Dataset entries
▬▬▬
(* Let $K\ge2$, $n\ge1$, and let $\pi$ be a probability distribution on $[K]^n$. Then for all $c\neq c'$ in $[K]^n$ with $\pi(c)>0$, \[ P_{\mathrm{R}}(c,c')\;\ge\;\frac{1}{2(K-1)}\,P_{\mathrm{MG}}(c,c'). \]
   Context: Notation: $[K]=\{1,\dots,K\}$; $n_k(c)=\#\{i:c_i=k\}$; $c_{-i}$ is $c$ without its $i$-th entry, $(c_{-i},k)$ is $c$ with $c_i$ replaced by $k$; $\pi(c_i=k\mid c_{-i})=\pi((c_{-i},k))/\sum_{j}\pi((c_{-i},j))$. $\mathcal{K}=\{(k,k')\in[K]^2:k<k'\}$, $p_c(k,k')=\frac{n_k(c)+n_{k'}(c)}{(K-1)n}$. $r(c,i,k_-,k_+)=\frac{n_{k_-}(c)}{n_{k_+}(c)+1}\cdot\frac{\pi(c_i=k_+\mid c_{-i})}{\pi(c_i=k_-\mid c_{-i})}$. $P_{\mathrm{MG}}(c,c')=\frac1n\sum_{i=1}^n\mathbb 1(c'_{-i}=c_{-i})\pi(c_i=c'_i\mid c_{-i})$ (random-scan Gibbs sampler). $P_{\mathrm{R}}$: from $c$, sample $(k,k')\sim p_c$; set $(k_-,k_+)=(k,k')$ or $(k',k)$ with probability $1/2$ each; if $n_{k_-}(c)=0$ stay at $c$; otherwise pick $i$ uniformly from $\{i':c_{i'}=k_-\}$ and move to $(c_{-i},k_+)$ with probability $\min\{1,r(c,i,k_-,k_+)\}$, else stay at $c$. *)

theory Defs
  imports "HOL-Library.FuncSet" Complex_Main
begin

definition configs :: "nat \<Rightarrow> nat \<Rightarrow> (nat \<Rightarrow> nat) set" where
  "configs K n = PiE {1..n} (\<lambda>_. {1..K})"

definition is_distribution :: "nat \<Rightarrow> nat \<Rightarrow> ((nat \<Rightarrow> nat) \<Rightarrow> real) \<Rightarrow> bool" where
  "is_distribution K n \<pi> \<longleftrightarrow>
     (\<forall>c\<in>configs K n. \<pi> c \<ge> 0) \<and> (\<Sum>c\<in>configs K n. \<pi> c) = 1"

definition cnt :: "nat \<Rightarrow> (nat \<Rightarrow> nat) \<Rightarrow> nat \<Rightarrow> nat" where
  "cnt n c k = card {i\<in>{1..n}. c i = k}"

definition cond_prob :: "nat \<Rightarrow> ((nat \<Rightarrow> nat) \<Rightarrow> real) \<Rightarrow> (nat \<Rightarrow> nat) \<Rightarrow> nat \<Rightarrow> nat \<Rightarrow> real" where
  "cond_prob K \<pi> c i k = \<pi> (c(i := k)) / (\<Sum>j\<in>{1..K}. \<pi> (c(i := j)))"

definition P_MG :: "nat \<Rightarrow> nat \<Rightarrow> ((nat \<Rightarrow> nat) \<Rightarrow> real) \<Rightarrow> (nat \<Rightarrow> nat) \<Rightarrow> (nat \<Rightarrow> nat) \<Rightarrow> real" where
  "P_MG K n \<pi> c c' = (1 / real n) *
     (\<Sum>i\<in>{1..n}. (if (\<forall>j\<in>{1..n}. j \<noteq> i \<longrightarrow> c' j = c j) then cond_prob K \<pi> c i (c' i) else 0))"

definition p_pair :: "nat \<Rightarrow> nat \<Rightarrow> (nat \<Rightarrow> nat) \<Rightarrow> nat \<Rightarrow> nat \<Rightarrow> real" where
  "p_pair K n c k k' = (real (cnt n c k) + real (cnt n c k')) / (real (K - 1) * real n)"

definition ratio :: "nat \<Rightarrow> nat \<Rightarrow> ((nat \<Rightarrow> nat) \<Rightarrow> real) \<Rightarrow> (nat \<Rightarrow> nat) \<Rightarrow> nat \<Rightarrow> nat \<Rightarrow> nat \<Rightarrow> real" where
  "ratio K n \<pi> c i km kp =
     real (cnt n c km) / (real (cnt n c kp) + 1) * (cond_prob K \<pi> c i kp / cond_prob K \<pi> c i km)"

definition move_prob :: "nat \<Rightarrow> nat \<Rightarrow> ((nat \<Rightarrow> nat) \<Rightarrow> real) \<Rightarrow> (nat \<Rightarrow> nat) \<Rightarrow> (nat \<Rightarrow> nat) \<Rightarrow> nat \<Rightarrow> nat \<Rightarrow> real" where
  "move_prob K n \<pi> c c' km kp =
     (if cnt n c km = 0 then (if c' = c then 1 else 0)
      else (1 / real (cnt n c km)) *
        (\<Sum>i\<in>{i\<in>{1..n}. c i = km}.
            min 1 (ratio K n \<pi> c i km kp) * (if c' = c(i := kp) then 1 else 0)
          + (1 - min 1 (ratio K n \<pi> c i km kp)) * (if c' = c then 1 else 0)))"

definition P_R :: "nat \<Rightarrow> nat \<Rightarrow> ((nat \<Rightarrow> nat) \<Rightarrow> real) \<Rightarrow> (nat \<Rightarrow> nat) \<Rightarrow> (nat \<Rightarrow> nat) \<Rightarrow> real" where
  "P_R K n \<pi> c c' =
     (\<Sum>(k, k')\<in>{(k, k'). k \<in> {1..K} \<and> k' \<in> {1..K} \<and> k < k'}.
        p_pair K n c k k' *
        ((1/2) * move_prob K n \<pi> c c' k k' + (1/2) * move_prob K n \<pi> c c' k' k))"

end

theory Submission
  imports Defs
begin

text \<open>
  Only single-site updates c' = c(i := b) with b \<noteq> c i matter, since otherwise
  P_MG(c, c') = 0. For such c', write a = c i. The pair {a, b} is proposed with
  probability (n_a + n_b) / ((K - 1) n); with probability 1/2 it is oriented as (a, b),
  and then site i is picked with probability 1 / n_a and accepted with probability
  min 1 r, where r = n_a / (n_b + 1) * q_b / q_a with q_k = \<pi>(c_i = k | c_{-i}).
  It remains to see that (n_a + n_b) / n_a * min 1 r \<ge> q_b: if r \<ge> 1 this holds
  because q_b \<le> 1, and otherwise because (n_a + n_b) / (n_b + 1) \<ge> 1 \<ge> q_a.
\<close>

lemma fun_upd_in_configs:
  assumes "c \<in> configs K n" "i \<in> {1..n}" "j \<in> {1..K}"
  shows "c(i := j) \<in> configs K n"
  using assms unfolding configs_def by (auto simp: PiE_def extensional_def)

lemma configs_eq_fun_upd:
  assumes "c \<in> configs K n" "c' \<in> configs K n" "i \<in> {1..n}"
    and "\<forall>j\<in>{1..n}. j \<noteq> i \<longrightarrow> c' j = c j"
  shows "c' = c(i := c' i)"
proof
  fix j
  show "c' j = (c(i := c' i)) j"
    using assms unfolding configs_def by (cases "j \<in> {1..n}") (auto simp: PiE_def extensional_def)
qed

lemma cnt_pos:
  assumes "i \<in> {1..n}"
  shows "cnt n c (c i) > 0"
  using assms unfolding cnt_def by (auto simp: card_gt_0_iff)

lemma distribution_nonneg_upd:
  assumes "is_distribution K n \<pi>" "c \<in> configs K n" "i \<in> {1..n}" "j \<in> {1..K}"
  shows "\<pi> (c(i := j)) \<ge> 0"
  using assms fun_upd_in_configs unfolding is_distribution_def by blast

lemma cond_prob_nonneg:
  assumes "is_distribution K n \<pi>" "c \<in> configs K n" "i \<in> {1..n}" "k \<in> {1..K}"
  shows "cond_prob K \<pi> c i k \<ge> 0"
  unfolding cond_prob_def using assms distribution_nonneg_upd[OF assms(1-3)]
  by (intro divide_nonneg_nonneg sum_nonneg) auto

lemma cond_prob_le_1:
  assumes "is_distribution K n \<pi>" "c \<in> configs K n" "i \<in> {1..n}" "k \<in> {1..K}"
  shows "cond_prob K \<pi> c i k \<le> 1"
proof -
  have "\<pi> (c(i := k)) \<le> (\<Sum>j\<in>{1..K}. \<pi> (c(i := j)))"
    using assms distribution_nonneg_upd[OF assms(1-3)] by (intro member_le_sum) auto
  moreover have "(\<Sum>j\<in>{1..K}. \<pi> (c(i := j))) \<ge> 0"
    using distribution_nonneg_upd[OF assms(1-3)] by (intro sum_nonneg) auto
  ultimately show ?thesis
    unfolding cond_prob_def by (auto simp: divide_le_eq_1)
qed

lemma cond_prob_current_pos:
  assumes "is_distribution K n \<pi>" "c \<in> configs K n" "i \<in> {1..n}" "\<pi> c > 0"
  shows "cond_prob K \<pi> c i (c i) > 0"
proof -
  have ci: "c i \<in> {1..K}"
    using assms(2,3) unfolding configs_def by auto
  have "\<pi> c \<le> (\<Sum>j\<in>{1..K}. \<pi> (c(i := j)))"
    using member_le_sum[of "c i" "{1..K}" "\<lambda>j. \<pi> (c(i := j))"] ci
      distribution_nonneg_upd[OF assms(1-3)] by auto
  then show ?thesis
    unfolding cond_prob_def using assms(4) by simp
qed

lemma ratio_nonneg:
  assumes "is_distribution K n \<pi>" "c \<in> configs K n" "i \<in> {1..n}"
    and "km \<in> {1..K}" "kp \<in> {1..K}"
  shows "ratio K n \<pi> c i km kp \<ge> 0"
  unfolding ratio_def using cond_prob_nonneg[OF assms(1-3)] assms(4,5)
  by (intro mult_nonneg_nonneg divide_nonneg_nonneg) auto

lemma move_prob_nonneg:
  assumes "is_distribution K n \<pi>" "c \<in> configs K n" "km \<in> {1..K}" "kp \<in> {1..K}"
  shows "move_prob K n \<pi> c c' km kp \<ge> 0"
  unfolding move_prob_def using ratio_nonneg[OF assms(1,2) _ assms(3,4)]
  by (auto intro!: divide_nonneg_nonneg sum_nonneg add_nonneg_nonneg mult_nonneg_nonneg)

lemma move_prob_ge_acceptance:
  assumes "is_distribution K n \<pi>" "c \<in> configs K n" "i \<in> {1..n}"
    and "kp \<in> {1..K}" "kp \<noteq> c i"
  shows "move_prob K n \<pi> c (c(i := kp)) (c i) kp
           \<ge> min 1 (ratio K n \<pi> c i (c i) kp) / real (cnt n c (c i))"
proof -
  let ?km = "c i"
  have km: "?km \<in> {1..K}"
    using assms(2,3) unfolding configs_def by auto
  have upd_ne: "c(i := kp) \<noteq> c"
    using assms(5) by (metis fun_upd_same)
  let ?summand = "\<lambda>i'. min 1 (ratio K n \<pi> c i' ?km kp) * (if c(i := kp) = c(i' := kp) then 1 else 0)
                   + (1 - min 1 (ratio K n \<pi> c i' ?km kp)) * (if c(i := kp) = c then 1 else 0)"
  have "min 1 (ratio K n \<pi> c i ?km kp) = ?summand i"
    using upd_ne by simp
  also have "\<dots> \<le> sum ?summand {i'\<in>{1..n}. c i' = ?km}"
    using assms(3) upd_ne ratio_nonneg[OF assms(1,2) _ km assms(4)]
    by (intro member_le_sum) auto
  finally show ?thesis
    using cnt_pos[OF assms(3), of c] unfolding move_prob_def
    by (simp add: divide_right_mono)
qed

lemma P_R_nonneg:
  assumes "is_distribution K n \<pi>" "c \<in> configs K n"
  shows "P_R K n \<pi> c c' \<ge> 0"
  unfolding P_R_def p_pair_def using move_prob_nonneg[OF assms]
  by (auto intro!: sum_nonneg)

lemma P_R_ge_oriented_move:
  assumes "is_distribution K n \<pi>" "c \<in> configs K n"
    and "a \<in> {1..K}" "b \<in> {1..K}" "a \<noteq> b"
  shows "P_R K n \<pi> c c' \<ge> p_pair K n c a b * move_prob K n \<pi> c c' a b / 2"
proof -
  define pairs where "pairs = {(k, k'). k \<in> {1..K} \<and> k' \<in> {1..K} \<and> k < k'}"
  define summand where "summand = (\<lambda>(k, k'). p_pair K n c k k' *
    ((1/2) * move_prob K n \<pi> c c' k k' + (1/2) * move_prob K n \<pi> c c' k' k))"
  have p_pair_sym: "p_pair K n c k k' = p_pair K n c k' k" for k k'
    unfolding p_pair_def by simp
  have p_pair_nonneg: "p_pair K n c a b \<ge> 0"
    unfolding p_pair_def by simp
  have summand_nonneg: "summand x \<ge> 0" if "x \<in> pairs" for x
    using that move_prob_nonneg[OF assms(1,2)]
    unfolding pairs_def summand_def p_pair_def by (auto intro!: mult_nonneg_nonneg)
  have "p_pair K n c a b * move_prob K n \<pi> c c' a b / 2
      \<le> p_pair K n c a b * (move_prob K n \<pi> c c' a b / 2 + move_prob K n \<pi> c c' b a / 2)"
    using move_prob_nonneg[OF assms(1,2) assms(4,3)] p_pair_nonneg by (simp add: distrib_left)
  also have "\<dots> = summand (min a b, max a b)"
    using p_pair_sym[of a b] unfolding summand_def by (cases "a < b") (auto simp: min_def max_def)
  also have "\<dots> \<le> sum summand pairs"
    using assms(3-5) summand_nonneg
    by (intro member_le_sum) (auto simp: pairs_def min_def max_def intro: finite_subset[of _ "{1..K} \<times> {1..K}"])
  also have "\<dots> = P_R K n \<pi> c c'"
    unfolding P_R_def pairs_def summand_def ..
  finally show ?thesis .
qed

lemma acceptance_bound:
  fixes na nb qa qb :: real
  assumes "na \<ge> 1" "nb \<ge> 0" "0 < qa" "qa \<le> 1" "0 \<le> qb" "qb \<le> 1"
  shows "qb \<le> (na + nb) / na * min 1 (na / (nb + 1) * (qb / qa))"
proof (cases "na / (nb + 1) * (qb / qa) \<ge> 1")
  case True
  then have "min 1 (na / (nb + 1) * (qb / qa)) = 1"
    by simp
  moreover have "1 \<le> (na + nb) / na"
    using assms by simp
  ultimately show ?thesis
    using assms(6) by (metis mult.right_neutral order_trans)
next
  case False
  have "qb \<le> qb / qa"
    using assms by (simp add: le_divide_eq mult_left_le)
  also have "\<dots> \<le> (na + nb) / (nb + 1) * (qb / qa)"
    using mult_right_mono[of 1 "(na + nb) / (nb + 1)" "qb / qa"] assms by simp
  also have "\<dots> = (na + nb) / na * (na / (nb + 1) * (qb / qa))"
    using assms by simp
  finally show ?thesis
    using False by simp
qed

lemma P_R_ge_single_site:
  assumes "is_distribution K n \<pi>" "c \<in> configs K n" "\<pi> c > 0"
    and "i \<in> {1..n}" "b \<in> {1..K}" "b \<noteq> c i"
  shows "P_R K n \<pi> c (c(i := b)) \<ge> cond_prob K \<pi> c i b / (2 * real (K - 1) * real n)"
proof -
  define a where "a = c i"
  have a: "a \<in> {1..K}"
    using assms(2,4) unfolding a_def configs_def by auto
  define na where "na = real (cnt n c a)"
  define nb where "nb = real (cnt n c b)"
  define acc where "acc = min 1 (ratio K n \<pi> c i a b)"
  have na: "na \<ge> 1"
    using cnt_pos[OF assms(4), of c] unfolding na_def a_def by linarith
  have K: "real (K - 1) > 0" and n: "real n > 0"
    using a assms(4-6) unfolding a_def by auto
  have "cond_prob K \<pi> c i a > 0"
    using cond_prob_current_pos[OF assms(1,2,4,3)] unfolding a_def .
  then have "cond_prob K \<pi> c i b \<le> (na + nb) / na * acc"
    unfolding acc_def ratio_def na_def[symmetric] nb_def[symmetric]
    using na cond_prob_le_1[OF assms(1,2,4)] cond_prob_nonneg[OF assms(1,2,4)] assms(5) a
    by (intro acceptance_bound) (auto simp: nb_def)
  then have "cond_prob K \<pi> c i b / (2 * real (K - 1) * real n)
      \<le> (na + nb) / na * acc / (2 * real (K - 1) * real n)"
    by (rule divide_right_mono) (use K n in simp)
  also have "\<dots> = p_pair K n c a b * (acc / na) / 2"
    unfolding p_pair_def na_def nb_def using na by (simp add: field_simps)
  also have "\<dots> \<le> p_pair K n c a b * move_prob K n \<pi> c (c(i := b)) a b / 2"
    using move_prob_ge_acceptance[OF assms(1,2,4-6)]
    unfolding acc_def na_def a_def p_pair_def by (intro divide_right_mono mult_left_mono) auto
  also have "\<dots> \<le> P_R K n \<pi> c (c(i := b))"
    using P_R_ge_oriented_move[OF assms(1,2) a assms(5)] assms(6) a_def by simp
  finally show ?thesis .
qed

lemma P_MG_single_site:
  assumes "i \<in> {1..n}" "b \<noteq> c i"
  shows "P_MG K n \<pi> c (c(i := b)) = cond_prob K \<pi> c i b / real n"
proof -
  have "(\<forall>j\<in>{1..n}. j \<noteq> i' \<longrightarrow> (c(i := b)) j = c j) \<longleftrightarrow> i' = i" if "i' \<in> {1..n}" for i'
    using assms that by auto
  then have "(\<Sum>i'\<in>{1..n}. if \<forall>j\<in>{1..n}. j \<noteq> i' \<longrightarrow> (c(i := b)) j = c j
               then cond_prob K \<pi> c i' ((c(i := b)) i') else 0)
           = (\<Sum>i'\<in>{1..n}. if i' = i then cond_prob K \<pi> c i b else 0)"
    by (intro sum.cong) auto
  then show ?thesis
    unfolding P_MG_def using assms(1) by simp
qed

lemma P_MG_not_single_site:
  assumes "\<not> (\<exists>i\<in>{1..n}. \<forall>j\<in>{1..n}. j \<noteq> i \<longrightarrow> c' j = c j)"
  shows "P_MG K n \<pi> c c' = 0"
  unfolding P_MG_def using assms by (intro mult_eq_0_iff[THEN iffD2] disjI2 sum.neutral) auto

theorem mainTheorem2:
  fixes K n :: nat and \<pi> :: "(nat \<Rightarrow> nat) \<Rightarrow> real" and c c' :: "nat \<Rightarrow> nat"
  assumes "K \<ge> 2" and "n \<ge> 1"
    and "is_distribution K n \<pi>"
    and "c \<in> configs K n" and "c' \<in> configs K n" and "c \<noteq> c'"
    and "\<pi> c > 0"
  shows "P_R K n \<pi> c c' \<ge> 1 / (2 * real (K - 1)) * P_MG K n \<pi> c c'"
proof (cases "\<exists>i\<in>{1..n}. \<forall>j\<in>{1..n}. j \<noteq> i \<longrightarrow> c' j = c j")
  case True
  then obtain i where i: "i \<in> {1..n}" and agree: "\<forall>j\<in>{1..n}. j \<noteq> i \<longrightarrow> c' j = c j"
    by blast
  define b where "b = c' i"
  have c': "c' = c(i := b)"
    using configs_eq_fun_upd[OF assms(4,5) i agree] unfolding b_def .
  have b: "b \<in> {1..K}" "b \<noteq> c i"
    using assms(5,6) i c' unfolding b_def configs_def by auto
  show ?thesis
    using P_R_ge_single_site[OF assms(3,4,7) i b] P_MG_single_site[where c = c, OF i b(2)]
    unfolding c' by simp
next
  case False
  then show ?thesis
    using P_MG_not_single_site P_R_nonneg[OF assms(3,4)] by simp
qed

end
▬▬▬
### Your task
Go through the records above and copy each line where "agree" is found.

### Task result
  then obtain i where i: "i \<in> {1..n}" and agree: "\<forall>j\<in>{1..n}. j \<noteq> i \<longrightarrow> c' j = c j"
    using configs_eq_fun_upd[OF assms(4,5) i agree] unfolding b_def .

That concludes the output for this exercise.